How to complete this task - Take the entries below and print only the lines from the one with "q_def by blast" through the one with "using Max_ge[OF G(1), of", exactly as they stand, both ends included.

Stored data:
lemma nonadjacent_split:
  assumes "adj a" "a \<le> k + 2" "\<not> adj g" "g \<le> k + 2"
  shows "\<exists>t s. 4 \<le> t + 1 \<and> t + 1 < s \<and> s \<le> k - 1 \<and>
    (\<forall>l. s \<le> l \<and> l \<le> k + 2 \<longrightarrow> In l \<and> \<not> Out l) \<and> (\<forall>l \<le> t. Out l \<and> \<not> In l)"
proof -
  define G where "G = {i. i \<le> k + 2 \<and> \<not> adj i}"
  have G: "finite G" "G \<noteq> {}" unfolding G_def using assms(3,4) by auto
  define p where "p = Min G"
  define q where "q = Max G"
  have p: "p \<le> k + 2" "\<not> adj p" and q: "q \<le> k + 2" "\<not> adj q"
    using Min_in[OF G] Max_in[OF G] unfolding p_def q_def G_def by auto
  have "p \<le> q" using G Min_in Max_ge unfolding p_def q_def by blast
  have before_p: "adj i" if "i < p" for i
    using Min_le[OF G(1), of i] that p unfolding p_def G_def by fastforce
  have after_q: "adj i" if "q < i" "i \<le> k + 2" for i
    using Max_ge[OF G(1), of i] that unfolding q_def G_def by fastforce
  have "4 \<le> p" using first_gap_ge_4 p(2) before_p assms(1,2) by blast
  have "q \<le> k - 2" using last_gap_le_k_minus_2 q after_q assms(1,2) by blast
  have "Out l \<and> \<not> In l" if "l < p" for l
    using out_only_below_gap[of p "p - 1" l] before_p[of "p - 1"] that p by simp
  moreover have "In l \<and> \<not> Out l" if "q < l" "l \<le> k + 2" for l
    using in_only_above_gap[of q "q + 1" l] after_q[of "q + 1"] that q by simp
  ultimately show ?thesis
    using \<open>4 \<le> p\<close> \<open>p \<le> q\<close> \<open>q \<le> k - 2\<close> k_ge_5
    by (intro exI[of _ "p - 1"] exI[of _ "q + 1"]) auto
qed

end

locale geodesic =
  fixes V :: "'a set" and A :: "'a \<Rightarrow> 'a \<Rightarrow> bool" and P :: "'a list"
  assumes path: "is_path V A P"
    and shortest: "length P = dist V A (hd P) (last P) + 1"
begin

lemma distinct_vertices: "distinct P"
  using path by (simp add: is_path_def)

lemma forward_arc: "Suc i < length P \<Longrightarrow> A (P ! i) (P ! Suc i)"
  using path by (simp add: is_path_def)

lemma shortcut_length:
  assumes "i < j" "j < length P" "is_path V A (take (Suc i) P @ M @ drop j P)"
  shows "j \<le> Suc i + length M"
proof -
  have "is_path_from_to V A (take (Suc i) P @ M @ drop j P) (hd P) (last P)"
    using assms path unfolding is_path_from_to_def is_path_def by auto
  then have "length P \<le> length (take (Suc i) P @ M @ drop j P)"
    using dist_less_length shortest by fastforce
  then show ?thesis using assms(1,2) by simp
qed
text \<open>Row \<open>i\<close> of the left-hand matrix depends on \<open>\<mu> i\<close> only, so by multilinearity the sum
  moves into the rows, where it telescopes.\<close>
lemma sum_interlacing_det_gbinomial_mat:
  assumes "\<And>j. j < m \<Longrightarrow> c (Suc j) \<le> c j"
  shows "(\<Sum>\<mu>\<in>interlacing m c.
      det (gbinomial_mat m (\<lambda>i. of_nat i - of_int (\<mu> i) :: 'a::field_char_0))) =
    det (gbinomial_mat (Suc m) (\<lambda>i. of_nat i - of_int (c i) :: 'a))"
proof -
  let ?B = "interlacing m c"
  let ?x = "\<lambda>i. of_nat i - of_int (c i) :: 'a"
  have "(\<Sum>\<mu>\<in>?B. det (gbinomial_mat m (\<lambda>i. of_nat i - of_int (\<mu> i) :: 'a))) =
      (\<Sum>\<mu>\<in>?B. \<Sum>p | p permutes {0..<m}. signof p * (\<Prod>i<m. (of_nat i - of_int (\<mu> i)) gchoose p i))"
    by (intro sum.cong refl, subst det_def'[OF gbinomial_mat_carrier])
      (auto intro!: sum.cong prod.cong simp: permutes_in_image atLeast0LessThan)
  also have "\<dots> = (\<Sum>p | p permutes {0..<m}.
      signof p * (\<Sum>\<mu>\<in>?B. \<Prod>i<m. (of_nat i - of_int (\<mu> i)) gchoose p i))"
    by (subst sum.swap) (simp add: sum_distrib_left)
  also have "\<dots> = (\<Sum>p | p permutes {0..<m}.
      signof p * (\<Prod>i<m. (?x (Suc i) gchoose Suc (p i)) - (?x i gchoose Suc (p i))))"
  proof (rule sum.cong[OF refl])
    fix p
    have "(\<Sum>\<mu>\<in>?B. \<Prod>i<m. (of_nat i - of_int (\<mu> i)) gchoose p i) =
        (\<Prod>i<m. \<Sum>t\<in>{c (Suc i)..c i}. (of_nat i - of_int t) gchoose p i)"
      by (rule prod_sum_PiE[symmetric]) auto
    also have "\<dots> = (\<Prod>i<m. (?x (Suc i) gchoose Suc (p i)) - (?x i gchoose Suc (p i)))"
      by (rule prod.cong[OF refl], subst sum_gbinomial_int_interval)
        (use assms in \<open>auto simp: algebra_simps\<close>)
    finally show "signof p * (\<Sum>\<mu>\<in>?B. \<Prod>i<m. (of_nat i - of_int (\<mu> i)) gchoose p i) =
        signof p * (\<Prod>i<m. (?x (Suc i) gchoose Suc (p i)) - (?x i gchoose Suc (p i)))"
      by simp
  qed
  also have "\<dots> = det (mat m m (\<lambda>(i, k). (?x (Suc i) gchoose Suc k) - (?x i gchoose Suc k)))"
    by (subst det_def'[where n = m]) (auto intro!: sum.cong prod.cong simp: permutes_in_image atLeast0LessThan)
  also have "\<dots> = det (gbinomial_mat (Suc m) ?x)"
    by (rule det_gbinomial_mat_Suc_eq_det_differences[symmetric])
  finally show ?thesis .
qed
lemma
  assumes "x \<in> Rpos"
  shows coord_pos_root_Ints: "b \<in> B \<Longrightarrow> coord b x \<in> \<int>"
    and coord_pos_root_nonneg: "b \<in> B \<Longrightarrow> 0 \<le> coord b x"
    and pos_root_eq_sum_coord: "x = (\<Sum>b\<in>B. coord b x *\<^sub>R b)"
proof -
  obtain c where c: "\<forall>a\<in>B. c a \<in> \<int> \<and> 0 \<le> c a" and x: "x = (\<Sum>a\<in>B. c a *\<^sub>R a)"
    using assms unfolding pos_roots_def nonneg_int_comb_def by blast
  have coord_x: "coord b x = c b" if "b \<in> B" for b
    using coord_sum[of B b c] that unfolding x by simp
  show "b \<in> B \<Longrightarrow> coord b x \<in> \<int>" "b \<in> B \<Longrightarrow> 0 \<le> coord b x"
    using c coord_x by simp_all
  have "(\<Sum>b\<in>B. coord b x *\<^sub>R b) = (\<Sum>b\<in>B. c b *\<^sub>R b)"
    by (rule sum.cong) (simp_all add: coord_x)
  then show "x = (\<Sum>b\<in>B. coord b x *\<^sub>R b)"
    using x by simp
qed

lemma uminus_pos_root_notin:
  assumes x: "x \<in> Rpos"
  shows "- x \<notin> Rpos"
proof
  assume "- x \<in> Rpos"
  then have "coord b x = 0" if "b \<in> B" for b
    using coord_pos_root_nonneg[OF x that] coord_pos_root_nonneg[of "- x" b] that
    by (simp add: linear_neg[OF linear_coord])
  then have "x = 0"
    using pos_root_eq_sum_coord[OF x] by simp
  then show False
    using x pos_roots_subset_roots zero_notin_roots by blast
qed

lemma roots_pos_or_neg:
  assumes "x \<in> R"
  shows "x \<in> Rpos \<or> - x \<in> Rpos"
  using roots_sign_comb[OF assms] assms uminus_in_roots unfolding pos_roots_def by blast

lemma simple_subset_pos_roots: "B \<subseteq> Rpos"
  unfolding pos_roots_def nonneg_int_comb_def
  using simple_subset_roots sum_delta_scaleR[OF finite_simple, symmetric]
  by (auto intro!: exI[of _ "\<lambda>a. if a = _ then 1 else 0"])

lemma pos_root_coord_ge_1:
  assumes x: "x \<in> Rpos"
  obtains b where "b \<in> B" and "1 \<le> coord b x"
proof -
  have "\<exists>b\<in>B. coord b x \<noteq> 0"
  proof (rule ccontr)
    assume "\<not> ?thesis"
    then have "x = 0"
      using pos_root_eq_sum_coord[OF x] by simp
    then show False
      using x pos_roots_subset_roots zero_notin_roots by blast
  qed
  then obtain b where b: "b \<in> B" and "coord b x \<noteq> 0" by blast
  then have "1 \<le> coord b x"
    using Ints_nonzero_abs_ge1[OF coord_pos_root_Ints[OF x b]] coord_pos_root_nonneg[OF x b] by simp
  then show thesis
    using b that by blast
qed

lemma pos_root_eq_simple:
  assumes b: "b \<in> B" and x: "x \<in> Rpos" and "\<forall>g\<in>B - {b}. coord g x = 0"
  shows "x = b"
proof -
  have "x = (\<Sum>g\<in>B. coord g x *\<^sub>R g)"
    by (rule pos_root_eq_sum_coord[OF x])
  also have "\<dots> = coord b x *\<^sub>R b + (\<Sum>g\<in>B - {b}. coord g x *\<^sub>R g)"
    by (rule sum.remove[OF finite_simple b])
  also have "(\<Sum>g\<in>B - {b}. coord g x *\<^sub>R g) = 0"
    using assms(3) by simp
  finally have "x = coord b x *\<^sub>R b"
    by (simp only: add_0_right)
  then have "coord b x = 1 \<or> coord b x = -1"
    using x b pos_roots_subset_roots simple_subset_roots roots_reduced by (metis subsetD)
  then show ?thesis
    using \<open>x = coord b x *\<^sub>R b\<close> coord_pos_root_nonneg[OF x b] by auto
qed

lemma refl_vec_simple_pos_root:
  assumes b: "b \<in> B" and x: "x \<in> Rpos" and "x \<noteq> b"
  shows "refl_vec b x \<in> Rpos"
proof -
  obtain g where g: "g \<in> B" "g \<noteq> b" and "coord g x \<noteq> 0"
    using pos_root_eq_simple[OF b x] \<open>x \<noteq> b\<close> by blast
  then have pos: "0 < coord g x"
    using coord_pos_root_nonneg[OF x g(1)] by simp
  have "coord g (refl_vec b x) = coord g x"
    unfolding refl_vec_def using g coord_simple[OF b, of g]
    by (simp add: linear_diff[OF linear_coord] linear_scale[OF linear_coord])
  moreover have "refl_vec b x \<in> R"
    using b x simple_subset_roots pos_roots_subset_roots refl_vec_in_roots by blast
  ultimately show ?thesis
    using roots_pos_or_neg pos coord_pos_root_nonneg[OF _ g(1), of "- refl_vec b x"]
    by (force simp: linear_neg[OF linear_coord])
qed
lemma mtrace_sum: "mtrace (sum f S) = (\<Sum>i\<in>S. mtrace (f i))"
proof -
  have "mtrace (sum f S) = (\<Sum>k\<in>UNIV. \<Sum>i\<in>S. f i $ k $ k)"
    by (simp add: mtrace_def sum_component)
  also have "\<dots> = (\<Sum>i\<in>S. \<Sum>k\<in>UNIV. f i $ k $ k)" by (rule sum.swap)
  finally show ?thesis by (simp add: mtrace_def)
qed

lemma mtrace_mult_commute: "mtrace ((A::'n::finite cmat) ** B) = mtrace (B ** A)"
proof -
  have "mtrace (A ** B) = (\<Sum>i\<in>UNIV. \<Sum>k\<in>UNIV. A$i$k * B$k$i)"
    by (simp add: mtrace_def matrix_matrix_mult_def)
  also have "\<dots> = (\<Sum>k\<in>UNIV. \<Sum>i\<in>UNIV. A$i$k * B$k$i)" by (rule sum.swap)
  also have "\<dots> = mtrace (B ** A)"
    by (simp add: mtrace_def matrix_matrix_mult_def mult.commute)
  finally show ?thesis .
qed

lemma matrix_diff_ldistrib: "(A::'n::finite cmat) ** (B - C) = A ** B - A ** C"
  by (simp add: vec_eq_iff matrix_matrix_mult_def algebra_simps sum_subtractf)

lemma matrix_diff_rdistrib: "((A::'n::finite cmat) - B) ** C = A ** C - B ** C"
  by (simp add: vec_eq_iff matrix_matrix_mult_def algebra_simps sum_subtractf)

lemma matrix_sum_ldistrib: "(A::'n::finite cmat) ** sum f S = (\<Sum>i\<in>S. A ** f i)"
  by (induct S rule: infinite_finite_induct) (auto simp: matrix_add_ldistrib)

lemma matrix_cscale_left: "cscale c (A::'n::finite cmat) ** B = cscale c (A ** B)"
  by (simp add: vec_eq_iff matrix_matrix_mult_def cscale_def sum_distrib_left mult.assoc)

lemma adjoint_mult_mult_diag_entry:
  "(adjoint_mat U ** X ** U) $ j $ j = cinner (column j U) (X *v column j U)"
  by (simp add: adjoint_mat_def matrix_matrix_mult_def cinner_def matrix_vector_mult_def column_def
      sum_distrib_left sum_distrib_right mult.assoc)
    (rule sum.swap)

lemma unitary_column_quadratic_form:
  assumes "unitary_mat U"
  shows "cinner (column j U) ((U ** D ** adjoint_mat U) *v column j U) = D $ j $ j"
proof -
  have "adjoint_mat U ** (U ** D ** adjoint_mat U) ** U =
      (adjoint_mat U ** U) ** D ** (adjoint_mat U ** U)"
    by (simp add: matrix_mul_assoc)
  then show ?thesis
    using assms adjoint_mult_mult_diag_entry[of U "U ** D ** adjoint_mat U" j]
    by (simp add: unitary_mat_def)
qed

lemma unitary_column_cinner_self:
  assumes "unitary_mat U"
  shows "cinner (column j U) (column j U) = 1"
proof -
  have "adjoint_mat U ** mat 1 ** U = mat 1"
    using assms by (simp add: unitary_mat_def)
  then have "(adjoint_mat U ** mat 1 ** U) $ j $ j = 1"
    by (simp add: mat_def)
  then show ?thesis by (simp only: adjoint_mult_mult_diag_entry matrix_vector_mul_lid)
qed

lemma mtrace_mult_spectral:
  "mtrace (X ** (U ** diag_real lam ** adjoint_mat U)) =
     (\<Sum>j\<in>UNIV. complex_of_real (lam j) * cinner (column j U) (X *v column j U))"
proof -
  have "mtrace (X ** (U ** diag_real lam ** adjoint_mat U)) =
      mtrace (adjoint_mat U ** X ** U ** diag_real lam)"
    by (metis matrix_mul_assoc mtrace_mult_commute)
  also have "\<dots> = (\<Sum>j\<in>UNIV. complex_of_real (lam j) * cinner (column j U) (X *v column j U))"
    by (simp add: mtrace_def matrix_matrix_mult_def diag_real_def if_distrib
        adjoint_mult_mult_diag_entry[symmetric] mult.commute cong: if_cong)
  finally show ?thesis .
qed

Exercise result -
  have "p \<le> q" using G Min_in Max_ge unfolding p_def q_def by blast
  have before_p: "adj i" if "i < p" for i
    using Min_le[OF G(1), of i] that p unfolding p_def G_def by fastforce
  have after_q: "adj i" if "q < i" "i \<le> k + 2" for i
    using Max_ge[OF G(1), of i] that unfolding q_def G_def by fastforce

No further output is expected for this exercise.